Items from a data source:
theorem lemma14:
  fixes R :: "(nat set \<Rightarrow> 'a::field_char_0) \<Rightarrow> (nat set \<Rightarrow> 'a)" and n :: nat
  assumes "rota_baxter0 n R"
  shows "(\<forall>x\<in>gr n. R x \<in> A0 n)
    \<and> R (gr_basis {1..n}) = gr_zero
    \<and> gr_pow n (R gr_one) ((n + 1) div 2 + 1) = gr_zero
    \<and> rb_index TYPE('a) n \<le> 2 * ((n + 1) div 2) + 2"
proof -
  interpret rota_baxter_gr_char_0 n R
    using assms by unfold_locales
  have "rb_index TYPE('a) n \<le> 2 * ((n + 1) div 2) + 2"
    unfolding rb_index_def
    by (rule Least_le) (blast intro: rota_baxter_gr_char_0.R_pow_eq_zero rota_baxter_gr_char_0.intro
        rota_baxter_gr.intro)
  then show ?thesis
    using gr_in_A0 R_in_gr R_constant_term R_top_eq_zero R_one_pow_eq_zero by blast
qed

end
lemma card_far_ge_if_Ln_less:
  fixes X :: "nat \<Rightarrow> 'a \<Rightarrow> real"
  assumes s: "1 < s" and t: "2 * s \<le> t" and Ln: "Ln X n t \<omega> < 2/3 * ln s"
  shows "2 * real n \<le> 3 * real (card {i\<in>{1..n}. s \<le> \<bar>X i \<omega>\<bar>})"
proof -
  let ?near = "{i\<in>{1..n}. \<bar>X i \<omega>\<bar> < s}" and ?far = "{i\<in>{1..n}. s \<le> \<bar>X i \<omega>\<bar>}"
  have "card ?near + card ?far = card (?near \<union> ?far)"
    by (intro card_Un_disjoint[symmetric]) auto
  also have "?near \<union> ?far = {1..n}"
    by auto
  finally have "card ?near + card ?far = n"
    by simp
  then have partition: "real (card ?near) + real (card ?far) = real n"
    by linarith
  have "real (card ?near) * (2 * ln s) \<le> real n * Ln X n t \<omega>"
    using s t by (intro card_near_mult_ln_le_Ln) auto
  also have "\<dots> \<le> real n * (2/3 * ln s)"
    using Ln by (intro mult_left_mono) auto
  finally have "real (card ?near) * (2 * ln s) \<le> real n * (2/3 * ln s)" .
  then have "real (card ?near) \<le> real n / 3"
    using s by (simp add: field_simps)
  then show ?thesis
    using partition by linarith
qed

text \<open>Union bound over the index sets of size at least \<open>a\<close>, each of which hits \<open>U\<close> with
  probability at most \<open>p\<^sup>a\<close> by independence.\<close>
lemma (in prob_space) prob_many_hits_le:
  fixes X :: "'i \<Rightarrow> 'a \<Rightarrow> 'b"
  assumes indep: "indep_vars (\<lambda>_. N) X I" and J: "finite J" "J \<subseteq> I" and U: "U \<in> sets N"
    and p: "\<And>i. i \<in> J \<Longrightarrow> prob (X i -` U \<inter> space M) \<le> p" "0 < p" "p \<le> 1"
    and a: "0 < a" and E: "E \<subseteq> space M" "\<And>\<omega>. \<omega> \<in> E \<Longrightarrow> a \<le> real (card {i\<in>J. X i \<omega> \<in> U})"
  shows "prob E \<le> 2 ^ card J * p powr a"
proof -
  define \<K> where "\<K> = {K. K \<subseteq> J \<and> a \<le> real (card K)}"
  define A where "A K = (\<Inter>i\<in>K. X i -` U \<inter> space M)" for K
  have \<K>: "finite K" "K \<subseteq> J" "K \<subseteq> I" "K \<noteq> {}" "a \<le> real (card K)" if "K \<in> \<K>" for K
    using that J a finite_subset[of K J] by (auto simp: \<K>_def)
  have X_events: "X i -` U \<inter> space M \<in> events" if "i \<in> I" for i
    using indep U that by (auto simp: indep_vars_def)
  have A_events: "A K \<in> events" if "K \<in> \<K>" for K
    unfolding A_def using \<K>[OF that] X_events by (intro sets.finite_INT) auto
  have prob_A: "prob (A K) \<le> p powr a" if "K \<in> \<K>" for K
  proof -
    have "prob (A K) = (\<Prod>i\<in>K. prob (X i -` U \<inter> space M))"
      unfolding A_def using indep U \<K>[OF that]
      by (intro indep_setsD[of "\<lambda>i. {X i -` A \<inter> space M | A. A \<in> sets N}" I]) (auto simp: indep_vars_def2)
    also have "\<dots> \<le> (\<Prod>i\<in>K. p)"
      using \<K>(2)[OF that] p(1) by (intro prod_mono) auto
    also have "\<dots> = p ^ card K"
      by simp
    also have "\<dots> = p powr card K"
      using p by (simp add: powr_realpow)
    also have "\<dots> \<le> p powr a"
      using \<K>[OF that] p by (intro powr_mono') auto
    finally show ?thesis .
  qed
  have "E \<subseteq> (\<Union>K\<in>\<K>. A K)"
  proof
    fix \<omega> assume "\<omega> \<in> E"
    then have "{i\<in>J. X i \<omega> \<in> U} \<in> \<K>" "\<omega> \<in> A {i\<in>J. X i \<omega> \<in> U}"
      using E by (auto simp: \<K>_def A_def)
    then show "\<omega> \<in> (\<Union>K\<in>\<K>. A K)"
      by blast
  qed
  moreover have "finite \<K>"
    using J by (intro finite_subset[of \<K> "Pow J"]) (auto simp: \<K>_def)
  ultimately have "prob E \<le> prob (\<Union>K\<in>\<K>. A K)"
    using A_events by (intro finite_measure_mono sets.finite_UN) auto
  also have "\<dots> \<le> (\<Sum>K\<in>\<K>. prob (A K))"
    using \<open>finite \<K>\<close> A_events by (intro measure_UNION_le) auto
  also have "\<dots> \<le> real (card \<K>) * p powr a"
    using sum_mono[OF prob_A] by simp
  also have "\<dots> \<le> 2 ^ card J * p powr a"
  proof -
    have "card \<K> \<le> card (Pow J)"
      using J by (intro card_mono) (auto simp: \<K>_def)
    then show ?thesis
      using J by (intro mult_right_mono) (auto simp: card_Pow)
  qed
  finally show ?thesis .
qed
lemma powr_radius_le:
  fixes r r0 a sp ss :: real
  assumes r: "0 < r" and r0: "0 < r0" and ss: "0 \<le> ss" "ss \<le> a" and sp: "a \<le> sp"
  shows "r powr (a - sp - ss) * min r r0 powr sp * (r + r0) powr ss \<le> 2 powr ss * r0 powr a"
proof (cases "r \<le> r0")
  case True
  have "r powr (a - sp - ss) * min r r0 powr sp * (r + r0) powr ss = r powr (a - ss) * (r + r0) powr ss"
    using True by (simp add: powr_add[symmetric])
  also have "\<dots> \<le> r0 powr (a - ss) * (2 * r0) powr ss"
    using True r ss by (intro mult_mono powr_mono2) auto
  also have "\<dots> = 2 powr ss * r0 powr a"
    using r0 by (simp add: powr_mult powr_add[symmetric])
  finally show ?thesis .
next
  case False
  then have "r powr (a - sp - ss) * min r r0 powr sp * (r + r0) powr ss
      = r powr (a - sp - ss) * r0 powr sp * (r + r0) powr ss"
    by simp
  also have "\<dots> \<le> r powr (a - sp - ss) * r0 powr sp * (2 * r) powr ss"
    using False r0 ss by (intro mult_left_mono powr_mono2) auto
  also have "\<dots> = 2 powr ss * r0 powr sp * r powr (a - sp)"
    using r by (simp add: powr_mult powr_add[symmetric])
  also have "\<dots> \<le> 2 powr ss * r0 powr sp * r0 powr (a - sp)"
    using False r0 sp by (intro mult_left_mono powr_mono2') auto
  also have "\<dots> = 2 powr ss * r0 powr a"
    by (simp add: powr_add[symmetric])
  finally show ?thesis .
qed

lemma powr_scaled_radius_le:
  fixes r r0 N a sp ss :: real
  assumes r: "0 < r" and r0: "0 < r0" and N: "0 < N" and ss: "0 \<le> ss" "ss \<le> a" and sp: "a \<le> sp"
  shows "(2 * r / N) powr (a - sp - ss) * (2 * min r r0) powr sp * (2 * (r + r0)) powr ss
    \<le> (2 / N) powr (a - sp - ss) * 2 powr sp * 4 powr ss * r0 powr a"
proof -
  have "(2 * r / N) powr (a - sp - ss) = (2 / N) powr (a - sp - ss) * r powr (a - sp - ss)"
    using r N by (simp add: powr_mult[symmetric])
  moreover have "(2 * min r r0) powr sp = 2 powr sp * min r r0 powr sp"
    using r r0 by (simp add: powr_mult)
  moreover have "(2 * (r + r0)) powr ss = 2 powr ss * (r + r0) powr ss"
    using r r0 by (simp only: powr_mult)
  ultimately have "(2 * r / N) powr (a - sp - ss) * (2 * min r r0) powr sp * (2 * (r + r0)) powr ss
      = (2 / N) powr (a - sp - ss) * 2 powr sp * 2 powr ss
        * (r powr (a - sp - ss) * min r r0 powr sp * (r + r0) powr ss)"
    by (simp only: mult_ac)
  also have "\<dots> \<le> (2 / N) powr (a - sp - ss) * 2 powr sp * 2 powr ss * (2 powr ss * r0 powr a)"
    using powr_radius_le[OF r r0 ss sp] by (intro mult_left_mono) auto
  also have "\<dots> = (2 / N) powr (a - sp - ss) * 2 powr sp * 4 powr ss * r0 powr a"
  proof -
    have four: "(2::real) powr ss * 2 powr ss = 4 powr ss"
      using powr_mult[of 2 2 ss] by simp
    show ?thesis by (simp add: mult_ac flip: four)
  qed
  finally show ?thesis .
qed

Directions
Exact reproduction is required. Give the lines of the data from its first line through the line containing "text \<open>Union bound", and no others.

Solved problem
theorem lemma14:
  fixes R :: "(nat set \<Rightarrow> 'a::field_char_0) \<Rightarrow> (nat set \<Rightarrow> 'a)" and n :: nat
  assumes "rota_baxter0 n R"
  shows "(\<forall>x\<in>gr n. R x \<in> A0 n)
    \<and> R (gr_basis {1..n}) = gr_zero
    \<and> gr_pow n (R gr_one) ((n + 1) div 2 + 1) = gr_zero
    \<and> rb_index TYPE('a) n \<le> 2 * ((n + 1) div 2) + 2"
proof -
  interpret rota_baxter_gr_char_0 n R
    using assms by unfold_locales
  have "rb_index TYPE('a) n \<le> 2 * ((n + 1) div 2) + 2"
    unfolding rb_index_def
    by (rule Least_le) (blast intro: rota_baxter_gr_char_0.R_pow_eq_zero rota_baxter_gr_char_0.intro
        rota_baxter_gr.intro)
  then show ?thesis
    using gr_in_A0 R_in_gr R_constant_term R_top_eq_zero R_one_pow_eq_zero by blast
qed

end
lemma card_far_ge_if_Ln_less:
  fixes X :: "nat \<Rightarrow> 'a \<Rightarrow> real"
  assumes s: "1 < s" and t: "2 * s \<le> t" and Ln: "Ln X n t \<omega> < 2/3 * ln s"
  shows "2 * real n \<le> 3 * real (card {i\<in>{1..n}. s \<le> \<bar>X i \<omega>\<bar>})"
proof -
  let ?near = "{i\<in>{1..n}. \<bar>X i \<omega>\<bar> < s}" and ?far = "{i\<in>{1..n}. s \<le> \<bar>X i \<omega>\<bar>}"
  have "card ?near + card ?far = card (?near \<union> ?far)"
    by (intro card_Un_disjoint[symmetric]) auto
  also have "?near \<union> ?far = {1..n}"
    by auto
  finally have "card ?near + card ?far = n"
    by simp
  then have partition: "real (card ?near) + real (card ?far) = real n"
    by linarith
  have "real (card ?near) * (2 * ln s) \<le> real n * Ln X n t \<omega>"
    using s t by (intro card_near_mult_ln_le_Ln) auto
  also have "\<dots> \<le> real n * (2/3 * ln s)"
    using Ln by (intro mult_left_mono) auto
  finally have "real (card ?near) * (2 * ln s) \<le> real n * (2/3 * ln s)" .
  then have "real (card ?near) \<le> real n / 3"
    using s by (simp add: field_simps)
  then show ?thesis
    using partition by linarith
qed

text \<open>Union bound over the index sets of size at least \<open>a\<close>, each of which hits \<open>U\<close> with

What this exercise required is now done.